I played Steve “Maybe I’m Amazed”.
I also showed him a clip of Mary’s Little Lamb being played on the Basil Brish show for a giggle, just to keep Steve on his toes.
Surely Steve will like Maybe I’m Amazed?
Having listened, Steve looked a bit annoyed.
“OK, there’s no denying. It is a good song” he conceded.
This was a strong start, I must say. Wasn’t expecting that. Maybe we have peaked too soon though? I mean, everyone likes this one. I pushed my luck and asked him why he liked it.
“It’s a simple song” he thought, “but I like that.”
He looked mildly annoyed again.
“I am in fact still singing it in my head even though its not playing!”
“Excellent!
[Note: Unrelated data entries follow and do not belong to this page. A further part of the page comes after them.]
lemma pfun_long_step:
  fixes K h :: real
  assumes "1 < h" and "2 - (1 + K) * h \<noteq> 0"
  shows "(2 - (1 + K) * h) * pfun h K = h * ((K * h\<^sup>2 - 2 * (1 + K) * h + 3) + 1)"
proof -
  have "(2 - (1 + K) * h) * pfun h K = h * ((2 - h) * (2 - K * h))"
    using assms by (simp add: pfun_def)
  then show ?thesis
    by (simp add: power2_eq_square algebra_simps)
qed

lemma pfun_pos:
  fixes K h :: real
  assumes K: "K \<le> 0" and h: "0 < h" "h \<le> hbar K"
  shows "pfun h K > 0"
proof (cases "h \<le> 1")
  case True
  have "K \<le> K * h"
    using mult_left_mono_neg[OF True K] by simp
  moreover have "K < 1"
    using K by simp
  ultimately have "(1 - K) * pfun h K > 0"
    unfolding pfun_short_step[OF \<open>K < 1\<close> True] using K h by (auto intro!: mult_pos_pos)
  then show ?thesis
    using K by (simp add: zero_less_mult_iff)
next
  case False
  then have "1 < h"
    by simp
  have D_pos: "2 - (1 + K) * h > 0"
    using pfun_denominator_pos K h by simp
  have "h * ((K * h\<^sup>2 - 2 * (1 + K) * h + 3) + 1) > 0"
    using hbar_quadratic_nonneg[OF K _ h(2)] h by (intro mult_pos_pos) auto
  then have "(2 - (1 + K) * h) * pfun h K > 0"
    unfolding pfun_long_step[OF \<open>1 < h\<close> less_imp_neq[OF D_pos, symmetric]] .
  then show ?thesis
    using D_pos by (simp add: zero_less_mult_iff)
qed

lemma pfun_bound_short_step:
  fixes a b c F K h m :: real
  assumes K: "K \<le> 0" and h: "0 < h" "h \<le> 1"
    and forward: "(1 - 2 * K * h + K * h\<^sup>2) * a - 2 * (1 - h) * c + b \<le> F"
    and cauchy: "2 * c \<le> a + b" and m: "m \<le> a" "m \<le> b"
  shows "(1 - K) * pfun h K * m \<le> F"
proof -
  have "K \<le> K * h"
    using mult_left_mono_neg[OF h(2) K] by simp
  have "(1 - K) * pfun h K * m = h * (2 * (1 - K) + K * h) * m"
    using pfun_short_step[OF _ h(2), of K] K by simp
  also have "\<dots> = h * (1 - 2 * K + K * h) * m + h * m"
    by (simp add: algebra_simps)
  also have "\<dots> \<le> h * (1 - 2 * K + K * h) * a + h * b"
    using h K m \<open>K \<le> K * h\<close> by (intro add_mono mult_left_mono) auto
  also have "\<dots> \<le> (1 - 2 * K * h + K * h\<^sup>2) * a - 2 * (1 - h) * c + b"
    using mult_left_mono[OF cauchy, of "1 - h"] h by (simp add: power2_eq_square algebra_simps)
  finally show ?thesis
    using forward by linarith
qed

lemma pfun_bound_long_step:
  fixes a b c F K h m :: real
  assumes K: "K \<le> 0" and h: "1 < h" "h \<le> hbar K"
    and forward: "(1 - 2 * K * h + K * h\<^sup>2) * a - 2 * (1 - h) * c + b \<le> F"
    and backward: "(1 - 2 * h + K * h\<^sup>2) * a - 2 * (1 - K * h) * c + b \<le> - F"
    and m: "m \<le> a" "m \<le> b"
  shows "(1 - K) * pfun h K * m \<le> F"
proof -
  define D where "D = 2 - (1 + K) * h"
  define q where "q = K * h\<^sup>2 - 2 * (1 + K) * h + 3"
  have "D > 0"
    unfolding D_def using pfun_denominator_pos K h by simp
  have "q \<ge> 0"
    unfolding q_def using hbar_quadratic_nonneg K h by simp
  text \<open>These weights make the coefficient of c vanish.\<close>
  have "h * (1 - K) * (q * a + b)
      = (D + h - 1) * ((1 - 2 * K * h + K * h\<^sup>2) * a - 2 * (1 - h) * c + b)
        + (h - 1) * ((1 - 2 * h + K * h\<^sup>2) * a - 2 * (1 - K * h) * c + b)"
    unfolding D_def q_def by (simp add: power2_eq_square algebra_simps)
  also have "\<dots> \<le> (D + h - 1) * F + (h - 1) * (- F)"
    using h \<open>D > 0\<close> forward backward by (intro add_mono mult_left_mono) auto
  also have "\<dots> = D * F"
    by (simp add: algebra_simps)
  finally have "h * (1 - K) * (q * a + b) \<le> D * F" .
  moreover have "h * (1 - K) * ((q + 1) * m) \<le> h * (1 - K) * (q * a + b)"
    using h K m \<open>q \<ge> 0\<close>
    by (intro mult_left_mono) (auto simp: distrib_right intro: add_mono mult_left_mono)
  moreover have "D * pfun h K = h * (q + 1)"
    using pfun_long_step[OF h(1), of K] \<open>D > 0\<close> unfolding D_def q_def by simp
  then have "D * ((1 - K) * pfun h K * m) = h * (1 - K) * ((q + 1) * m)"
    by (metis mult.commute mult.left_commute)
  ultimately have "D * ((1 - K) * pfun h K * m) \<le> D * F"
    by linarith
  then show ?thesis
    using \<open>D > 0\<close> by simp
qed

lemma pfun_bound_from_interpolation:
  fixes a b c F K h m :: real
  assumes K: "K \<le> 0" and h: "0 < h" "h \<le> hbar K"
    and forward: "(1 - 2 * K * h + K * h\<^sup>2) * a - 2 * (1 - h) * c + b \<le> F"
    and backward: "(1 - 2 * h + K * h\<^sup>2) * a - 2 * (1 - K * h) * c + b \<le> - F"
    and cauchy: "2 * c \<le> a + b" and m: "m \<le> a" "m \<le> b"
  shows "(1 - K) * pfun h K * m \<le> F"
proof (cases "h \<le> 1")
  case True
  show ?thesis
    using pfun_bound_short_step[OF K h(1) True forward cauchy m] .
next
  case False
  then show ?thesis
    using pfun_bound_long_step[OF K _ h(2) forward backward m] by simp
qed

lemma smooth_weakly_convex_class_gradient_step_interpolation:
  fixes f :: "'a::euclidean_space \<Rightarrow> real"
  assumes L_pos: "L > 0" and mu_less: "\<mu> < L"
    and f_class: "smooth_weakly_convex_class \<mu> L f"
    and grad: "\<And>y. (f has_derivative (\<lambda>v. g y \<bullet> v)) (at y)"
    and step: "x' = x - (h / L) *\<^sub>R g x"
  defines "K \<equiv> \<mu> / L" and "a \<equiv> (norm (g x))\<^sup>2" and "b \<equiv> (norm (g x'))\<^sup>2"
    and "c \<equiv> g x \<bullet> g x'"
  shows "(1 - 2 * K * h + K * h\<^sup>2) * a - 2 * (1 - h) * c + b \<le> 2 * (L - \<mu>) * (f x - f x')"
    and "(1 - 2 * h + K * h\<^sup>2) * a - 2 * (1 - K * h) * c + b \<le> 2 * (L - \<mu>) * (f x' - f x)"
proof -
  define W where "W = (1 - K * h)\<^sup>2 * a - 2 * (1 - K * h) * c + b"
  have mu_eq: "\<mu> = K * L"
    unfolding K_def using L_pos by simp
  have dx: "x - x' = (h / L) *\<^sub>R g x"
    unfolding step by simp
  have W_eq: "(norm ((1 - K * h) *\<^sub>R g x - g x'))\<^sup>2 = W"
    unfolding W_def a_def b_def c_def power2_norm_eq_inner
    by (simp add: inner_diff_left inner_diff_right inner_commute power2_eq_square algebra_simps)
  have dist: "(norm (x - x'))\<^sup>2 = (h / L)\<^sup>2 * a"
    unfolding dx a_def by (simp add: power_mult_distrib power_divide)
  have fwd_diff: "g x - g x' - \<mu> *\<^sub>R (x - x') = (1 - K * h) *\<^sub>R g x - g x'"
    unfolding dx mu_eq using L_pos by (simp add: algebra_simps)
  have bwd_diff: "g x' - g x - \<mu> *\<^sub>R (x' - x) = - ((1 - K * h) *\<^sub>R g x - g x')"
    using fwd_diff by (simp add: algebra_simps)
  have "f x' + (h / L) * c + \<mu> / 2 * ((h / L)\<^sup>2 * a) + W / (2 * (L - \<mu>)) \<le> f x"
    using smooth_weakly_convex_class_interpolation[OF mu_less f_class grad, of x' x,
        unfolded fwd_diff W_eq dist]
    unfolding dx c_def by (simp add: inner_commute)
  then have "2 * (L - \<mu>) * ((h / L) * c + \<mu> / 2 * ((h / L)\<^sup>2 * a) + W / (2 * (L - \<mu>)))
      \<le> 2 * (L - \<mu>) * (f x - f x')"
    using mu_less by (intro mult_left_mono) auto
  moreover have "2 * (L - \<mu>) * ((h / L) * c + \<mu> / 2 * ((h / L)\<^sup>2 * a) + W / (2 * (L - \<mu>)))
      = (1 - 2 * K * h + K * h\<^sup>2) * a - 2 * (1 - h) * c + b"
    unfolding W_def K_def using L_pos mu_less by (simp add: field_simps power2_eq_square)
  ultimately show "(1 - 2 * K * h + K * h\<^sup>2) * a - 2 * (1 - h) * c + b
      \<le> 2 * (L - \<mu>) * (f x - f x')"
    by simp
  have "f x - (h / L) * a + \<mu> / 2 * ((h / L)\<^sup>2 * a) + W / (2 * (L - \<mu>)) \<le> f x'"
    using smooth_weakly_convex_class_interpolation[OF mu_less f_class grad, of x x',
        unfolded bwd_diff norm_minus_cancel W_eq norm_minus_commute[of x' x] dist]
    unfolding minus_diff_eq[of x x', symmetric] dx a_def by (simp add: power2_norm_eq_inner)
  then have "2 * (L - \<mu>) * (- (h / L) * a + \<mu> / 2 * ((h / L)\<^sup>2 * a) + W / (2 * (L - \<mu>)))
      \<le> 2 * (L - \<mu>) * (f x' - f x)"
    using mu_less by (intro mult_left_mono) auto
  moreover have "2 * (L - \<mu>) * (- (h / L) * a + \<mu> / 2 * ((h / L)\<^sup>2 * a) + W / (2 * (L - \<mu>)))
      = (1 - 2 * h + K * h\<^sup>2) * a - 2 * (1 - K * h) * c + b"
    unfolding W_def K_def using L_pos mu_less by (simp add: field_simps power2_eq_square)
  ultimately show "(1 - 2 * h + K * h\<^sup>2) * a - 2 * (1 - K * h) * c + b
      \<le> 2 * (L - \<mu>) * (f x' - f x)"
    by simp
qed

lemma smooth_weakly_convex_class_gradient_step:
  fixes f :: "'a::euclidean_space \<Rightarrow> real"
  assumes L_pos: "L > 0" and mu_nonpos: "\<mu> \<le> 0"
    and f_class: "smooth_weakly_convex_class \<mu> L f"
    and grad: "\<And>y. (f has_derivative (\<lambda>v. g y \<bullet> v)) (at y)"
    and h: "0 < h" "h \<le> hbar (\<mu> / L)"
    and step: "x' = x - (h / L) *\<^sub>R g x"
    and m: "m \<le> (norm (g x))\<^sup>2" "m \<le> (norm (g x'))\<^sup>2"
  shows "pfun h (\<mu> / L) * m \<le> 2 * L * (f x - f x')"
proof -
  have K: "\<mu> / L \<le> 0"
    using L_pos mu_nonpos by (simp add: divide_nonpos_pos)
  have mu_less: "\<mu> < L"
    using L_pos mu_nonpos by simp
  have cauchy: "2 * (g x \<bullet> g x') \<le> (norm (g x))\<^sup>2 + (norm (g x'))\<^sup>2"
    using inner_ge_zero[of "g x - g x'"] unfolding power2_norm_eq_inner
    by (simp add: inner_diff_left inner_diff_right inner_commute)
  note interpolation =
    smooth_weakly_convex_class_gradient_step_interpolation[OF L_pos mu_less f_class grad step]
  have "(1 - \<mu> / L) * pfun h (\<mu> / L) * m \<le> 2 * (L - \<mu>) * (f x - f x')"
  proof (rule pfun_bound_from_interpolation[OF K h interpolation(1) _ cauchy m])
    show "(1 - 2 * h + \<mu> / L * h\<^sup>2) * (norm (g x))\<^sup>2 - 2 * (1 - \<mu> / L * h) * (g x \<bullet> g x')
        + (norm (g x'))\<^sup>2 \<le> - (2 * (L - \<mu>) * (f x - f x'))"
      using interpolation(2) unfolding minus_mult_right minus_diff_eq .
  qed
  also have "\<dots> = (1 - \<mu> / L) * (2 * L * (f x - f x'))"
    using L_pos by (simp add: field_simps)
  finally show ?thesis
    using K by simp
qed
There, I told you he wa…”
Steve interrupted me. He hadn’t finished.
“To me though, that version, there is too much going on. its very busy!”
“Busy?”
I was beginning to think Steve would have looked at the Sistine Chapel after Michaelangelo had put his brush in a jam jar, sucked in his cheeks questioningly and said, “There’s a lot of cherubs, isn’t there?”
Steve elaborated. “I thought it would sound better acoustic, and did check a few on YouTube, and they did sound better to me. Maybe its him and not his songs that have been putting me off??? We shall see…”
I was beginning to think this would be even harder than I had anticipated.
Then Steve added another zinger, “Oh, a personal peeve of mine is songs that are fleshed out with “Yeahs and ooohhhs”…“ he continued “I think its a bit lazy”.
But then Steve muttered to himself, “Damn it – I’m still humming it!!!” he looked at me, in a conciliatory manner. “Okay, for the songwriting I’d give him 8/10 for that one…but
I prefer the Faces version though”.
I took that as a win.
I then asked Steve for his thoughts on “Every Night” – a song I think is great – with slightly more trepidation. He looked more stern.
“OK…..it’s the 70’s so I will comment no more on the “ooohhs and yeahs” fillers.”
I could see Steve was going to be a stickler.
“It’s an okay song, but I prefer the Drifters version.” Steve then looked at me cynically. “I am assuming he wrote all of these? I’m not researching this.” I assured him McCartney, indeed, wrote both songs.
He then took a metaphorical step back.
“HOW can the man write two goodish songs – and I preferred the first more than the second – and then come out with tosh about Marys Little Lamb?” Steve looked appalled at McCartney’s impudence.
I tried to defend the indefensible. “Well, he just thought it would be nice to do a kids’ song. It’s one of a line of similar things, like “Yellow Submarine” and “The Frog Chorus”…”
Steve scoffed “I really do think that because he was in the Beatles he thinks he can write any old toss and people will buy it”.
I was pushing my luck with “Mary’s Little Lamb” I guess. Still, there’s plenty more songs to build up the credits.